Elle tue les enfants et s’écroule dans les flammes qui redoublent et enveloppent la roulotte. (p. 393)
JASON
Qu’un de vous garde autour du feu jusqu' à ce qu’il n' ait plus que des cendres, jusqu' à ce que le dernier os
de Médée soit brûlé. Venez, vous autres. Retournons au palais. Il faut vivre maintenant, assurer l’ordre,
donner des lois à Corinthe et rebâtir sans illusions un monde à notre mesure pour y attendre de mourir. (p.
398)
La scène de l’enfant sacrifié ou plutôt maltraité est présentée de façon implicite
ou explicite chez Euripide, Sénèque, ou V. Cornaros (dans Sacrifice d' Abraham).
Chez Cornaros, qui reprend la scène de la Bible, par exemple l’enfant demande
d’être sauvé mais le père préfère se soumettre à la volonté de Dieu. Il s’agit du sacrifice à
la signification propre du terme:
Vers 803 (c’est Isaac qui parle)
Isaac:
Et le temps où tu me serrais étroitement dans tes bras
Le temps où vous me nourrissiez dans votre sein
Le temps où vous me cajoliez
Où vous me contempliez m’endormir et me réveiller
Tu m’as élevé pour me faire livrer au feu
Pour me faire couper la tête comme un mouton, comme un chevreau
Abraham: C’est l’ordre du Dieu le Tout Puissant
De faire brûler tes membres tendres
Excuse ton père aigri
3
Ce n’est pas mon ordre, mais celle du maître
Πουν’ τα σφιχταγκαλιάσματα, Κύρη μου; Εδιαβήκαν;
Οι σπλαχνικές ανατροφές ελησμονηθήκαν;
Τα κανακοφιλήματα που μέλλω να τα’ αφήσω;
Που βλέπετε να κοιμηθώ και πάλι να ξυπνήσω.
Για να με δώσεις τση φωτιάς, μ' ανάθρεψες, γονή μου,
Και να κόψης, σαν ριφιού κι ’αρνιού, την κεφαλή μου;
Αβραάμ
Υε μ’, ο παντοκράτορας ορίζει, κ'έτσι θέλει
’ς τον τούτο να καγούν τα τρυφερά σου μέλη.
Συμπάθησε μου καλογυιέ, του πικραμένου κύρη,
Δεν είν’ δικό μου θέλημα, μάναι του νοικοκύρη.

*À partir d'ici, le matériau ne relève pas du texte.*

lemma head_prod_bounds:
  shows "0 < (\<Prod>i<N. avoid_factor p n i)"
    and "(\<Prod>i<N. avoid_factor p n i) / 2 \<le> (\<Prod>i<N. avoid_factor p (Suc n) i)"
    and "(\<Prod>i<N. avoid_factor p (Suc n) i) \<le> 2 * (\<Prod>i<N. avoid_factor p n i)"
proof -
  define Q where "Q = real q + 1"
  define eps where "eps = 60 * Q / ((1 - p) * real n ^ 2)"
  have n0: "0 < real n" using n_ge_100 by linarith
  have eps0: "0 \<le> eps" unfolding eps_def Q_def using p by simp
  have "5 * Q / real n \<le> ((1 - p) * real n / 20) / real n"
    using linear_q_small n0 unfolding Q_def by (intro divide_right_mono) auto
  then have small: "5 * Q / real n \<le> (1 - p) / 20" using n0 by simp
  have eq: "30 * Q / real n ^ 2 = eps * ((1 - p) / 2)" unfolding eps_def using p n0 by (simp add: field_simps)
  have factor: "(1 - p) / 2 \<le> avoid_factor p n i
      \<and> \<bar>avoid_factor p (Suc n) i - avoid_factor p n i\<bar> \<le> eps * avoid_factor p n i" if "i < N" for i
  proof -
    from that have "i < N + q" by simp
    note bounds = avoid_factor_bounds[OF this, folded Q_def]
    have low: "(1 - p) / 2 \<le> avoid_factor p n i" using bounds(1) small p unfolding abs_diff_le_iff diff_divide_distrib by linarith
    then have "eps * ((1 - p) / 2) \<le> eps * avoid_factor p n i" using eps0 by (rule mult_left_mono)
    then show ?thesis using low bounds(3) eq by linarith
  qed
  have "real (2 * N) \<le> real (n * (q + 1))" using N_le by (simp only: of_nat_le_iff)
  then have "real N \<le> real n * Q / 2" unfolding Q_def by (simp add: algebra_simps)
  then have "real N * eps \<le> (real n * Q / 2) * eps" using eps0 by (rule mult_right_mono)
  also have "\<dots> = 30 * Q\<^sup>2 / ((1 - p) * real n)"
    unfolding eps_def using n0 p by (simp add: field_simps power2_eq_square)
  also have "\<dots> \<le> 30 * ((1 - p) * real n / 100) / ((1 - p) * real n)"
    using q_small p n0 unfolding Q_def by (intro divide_right_mono) (auto simp: mult.commute)
  also have "\<dots> \<le> 1 / 2" using p n0 by simp
  finally have "real (card {..<N}) * eps \<le> 1 / 2" by simp
  then have "(\<Prod>i<N. avoid_factor p n i) / 2 \<le> (\<Prod>i<N. avoid_factor p (Suc n) i)
      \<and> (\<Prod>i<N. avoid_factor p (Suc n) i) \<le> 2 * (\<Prod>i<N. avoid_factor p n i)"
    using factor p eps0 by (intro prod_close_bounds) (auto intro: order_trans[of 0 "(1 - p) / 2"])
  then show "(\<Prod>i<N. avoid_factor p n i) / 2 \<le> (\<Prod>i<N. avoid_factor p (Suc n) i)"
    and "(\<Prod>i<N. avoid_factor p (Suc n) i) \<le> 2 * (\<Prod>i<N. avoid_factor p n i)" by auto
  show "0 < (\<Prod>i<N. avoid_factor p n i)"
    using factor p by (intro prod_pos) (auto intro: less_le_trans[of 0 "(1 - p) / 2"])
qed

lemma tail_prod_bounds:
  shows "(1 - p) ^ q / 2 \<le> (\<Prod>i\<in>{N..<N + q}. avoid_factor p (Suc n) i)"
    and "(\<Prod>i\<in>{N..<N + q}. avoid_factor p (Suc n) i) \<le> 2 * (1 - p) ^ q"
proof -
  define Q where "Q = real q + 1"
  define d where "d = 5 * Q / ((1 - p) * real n)"
  have n0: "0 < real n" using n_ge_100 by linarith
  have d0: "0 \<le> d" unfolding d_def Q_def using p by simp
  have "d * (1 - p) = 5 * Q / real n" unfolding d_def using p by simp
  then have factor: "0 \<le> 1 - p \<and> \<bar>avoid_factor p (Suc n) i - (1 - p)\<bar> \<le> d * (1 - p)"
    if "i \<in> {N..<N + q}" for i
    using avoid_factor_bounds(2)[of i] that p unfolding Q_def by simp
  have "real q * d \<le> Q * d" unfolding Q_def using d0 by (intro mult_right_mono) auto
  also have "\<dots> = 5 * Q\<^sup>2 / ((1 - p) * real n)" unfolding d_def by (simp add: power2_eq_square)
  also have "\<dots> \<le> 5 * ((1 - p) * real n / 100) / ((1 - p) * real n)"
    using q_small p n0 unfolding Q_def by (intro divide_right_mono) (auto simp: mult.commute)
  also have "\<dots> \<le> 1 / 2" using p n0 by simp
  finally have "real (card {N..<N + q}) * d \<le> 1 / 2" by simp
  then have "(\<Prod>i\<in>{N..<N + q}. 1 - p) / 2 \<le> (\<Prod>i\<in>{N..<N + q}. avoid_factor p (Suc n) i)
      \<and> (\<Prod>i\<in>{N..<N + q}. avoid_factor p (Suc n) i) \<le> 2 * (\<Prod>i\<in>{N..<N + q}. 1 - p)"
    using factor d0 by (intro prod_close_bounds) auto
  then show "(1 - p) ^ q / 2 \<le> (\<Prod>i\<in>{N..<N + q}. avoid_factor p (Suc n) i)"
    and "(\<Prod>i\<in>{N..<N + q}. avoid_factor p (Suc n) i) \<le> 2 * (1 - p) ^ q" by auto
qed

lemma avoid_prob_Suc_bounds:
  shows "0 < avoid_prob p n N"
    and "(1 - p) ^ q / 4 * avoid_prob p n N \<le> avoid_prob p (Suc n) (N + q)"
    and "avoid_prob p (Suc n) (N + q) \<le> 4 * (1 - p) ^ q * avoid_prob p n N"
proof -
  let ?A = "\<Prod>i<N. avoid_factor p n i"
  let ?H = "\<Prod>i<N. avoid_factor p (Suc n) i"
  let ?T = "\<Prod>i\<in>{N..<N + q}. avoid_factor p (Suc n) i"
  have A: "avoid_prob p n N = ?A" using edges_fit(1) by (rule avoid_prob_eq_prod)
  have "avoid_prob p (Suc n) (N + q) = (\<Prod>i<N + q. avoid_factor p (Suc n) i)"
    using edges_fit(2) by (intro avoid_prob_eq_prod) simp
  also have "\<dots> = ?H * ?T" by (simp add: prod.atLeastLessThan_concat[symmetric] lessThan_atLeast0)
  finally have HT: "avoid_prob p (Suc n) (N + q) = ?H * ?T" .
  have pq: "0 \<le> (1 - p) ^ q" using p by simp
  show "0 < avoid_prob p n N" unfolding A by (rule head_prod_bounds(1))
  have "(?A / 2) * ((1 - p) ^ q / 2) \<le> ?H * ?T"
    using head_prod_bounds tail_prod_bounds pq by (intro mult_mono) auto
  then show "(1 - p) ^ q / 4 * avoid_prob p n N \<le> avoid_prob p (Suc n) (N + q)"
    unfolding A HT by (simp add: algebra_simps)
  have "?H * ?T \<le> (2 * ?A) * (2 * (1 - p) ^ q)"
    using head_prod_bounds tail_prod_bounds pq by (intro mult_mono) auto
  then show "avoid_prob p (Suc n) (N + q) \<le> 4 * (1 - p) ^ q * avoid_prob p n N"
    unfolding A HT by (simp add: algebra_simps)
qed

end
theorem mainTheorem1:
  fixes f :: "R2 \<Rightarrow> real" and R C lam :: real
  assumes f_L1: "integrable lebesgue f"
    and R_pos: "R > 0"
    and supp: "AE x in lebesgue. f x \<noteq> 0 \<longrightarrow> x \<in> ball 0 R"
    and C_pos: "C > 0"
    and sobolev: "\<forall>u\<in>BV. ereal C * L2norm u \<le> aniso_TV u"
    and lam_nonneg: "0 \<le> lam"
    and lam_small: "lam < C / (R * sqrt pi)"
  shows "(\<forall>w\<in>BV. F1 lam f (\<lambda>x. 0) \<le> F1 lam f w)
       \<and> (\<forall>u\<in>BV. (\<forall>w\<in>BV. F1 lam f u \<le> F1 lam f w) \<longrightarrow> (AE x in lebesgue. u x = 0))
       \<and> (\<lambda>x. 0) \<in> BV_vals {0, 1}
       \<and> (\<forall>w\<in>BV_vals {0, 1}. F1 lam f (\<lambda>x. 0) \<le> F1 lam f w)
       \<and> (\<forall>u\<in>BV_vals {0, 1}. (\<forall>w\<in>BV_vals {0, 1}. F1 lam f u \<le> F1 lam f w)
              \<longrightarrow> (AE x in lebesgue. u x = 0))"
proof -
  note minimal = zero_strict_minimizer_F1(1)[OF assms]
  note unique = zero_strict_minimizer_F1(2)[OF assms]
  have zero: "(\<lambda>x. 0) \<in> BV_vals {0, 1}" by (rule zero_in_BV_vals)
  have sub: "BV_vals {0, 1} \<subseteq> BV" by (auto simp: BV_vals_def)
  from zero sub have "(\<lambda>x. 0) \<in> BV" by blast
  with minimal unique zero sub show ?thesis by blast
qed

end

Il y a aussi dans la mythologie grecque une série de cruautés contre les enfants
surtout pour des raisons de succession. Cronos dévore ses enfants dans la mythologie
grecque pour des raisons de succession. C’est l’image des cruautés de Cronos qui dévore
Déméter, Hestia, Hadès, Poséidon.
4
Héra aussi jette Héphaistos dans la mer à cause de son apparence
physique. Mais quand elle voit ses créations lui crée un atelier à Olympe. Mais de
nouveau quand Héphaistos aide Héra, Zeus son père le jette de nouveau
d’Olympe.
Une autre victime est Dionysos. Sémélé, sa mère, aimée de Zeus, meurt au
sixième mois de la grossesse, foudroyée à la vue de son amant divin dans toute sa
gloire: Le dieu arrache l’embryon du sein de Sémélé et le porte cousu dans dans
cuisse, jusqu' à terme.
Pélops aussi: Tantale immole son fils Pélops et en fait un mets qu’il sert aux
dieux. Pour un de ces crimes, son châtiment aux Enfers est exemplaire. Seule
Déméter se trompe et dévore une épaule. Les dieux indignés punissent Tantale et
rendent la vie à Pélops en remplaçant l’épaule dévorée par une épaule artificielle,
faite d’ivoire.
Léto: devient l’une des nombreuses maîtresses de Zeux encourant la colère d'
Héra. Cette dernière interdit à la terre d’accueillir la parturiente, et fait poursuivre
cette dernière par le serpent Python. Léto erre jusqu' à trouver l’île d' Ortygie, qui,
flottant entre la terre et la mer, n’encourt pas la malédiction d' Héra.
5
On examine qui est la cause: les dieux, les hommes, pour des raisons de
vengeance, les parents, l'apparence de l’enfant. Bien sur quand il s’agit de la mythologie
grecque l’explication est facile. Selon Pierre Grimal 2:
‘‘On voit que l’essentiel des légendes théogoniques consiste en une série de
"substitutions" une génération succédant par la violence à celle qui l’avait précédée au
pouvoir sur le monde. Et l' on constate que, par deux fois, c' est le plus jeune des dieux, le
dernier -né de chaque génération qui conquiert la prééminence, Cronos, dernier né des
Titans, Zeus, dernier -né des "Cronides". On s’accorde généralement à retrouver dans ce
fait la trace d’un état social dans lequel la succession appartenait au plus jeune des fils;
mais aucune cité hellène n’en fournit d’exemple attesté sur le plan de l’histoire, et il est
fort vraisemblable que le schéma successoral sur lequel sont construits ces mythes
provient d’un pays non hellène.’’
On retrouve le schéma du sacrifice des enfants dans la tragédie grecque et surtout
à Iphigénie à Aulis et à Iphigénie à Tauride. L’épopée grecque a pour essence de
magnifier les débats des hommes, et par, le mythe, de les élargir aux dimensions de
l’univers.3 Il s’agit d’un sacrifice nécessaire pour que les Grecs puissent partir pour la
guerre de Troie. On voit Iphigénie se révolter et puis se soumettre :
Mais aussi l’enfant (v.1218)4 proteste:
J’ai été la première à t’appeler père, et la première que tu aies
Appelée ta fille.
J’ai été la première sur tes genoux à te donner mon corps,
A te donner de tendres caresses, et à en recevoir.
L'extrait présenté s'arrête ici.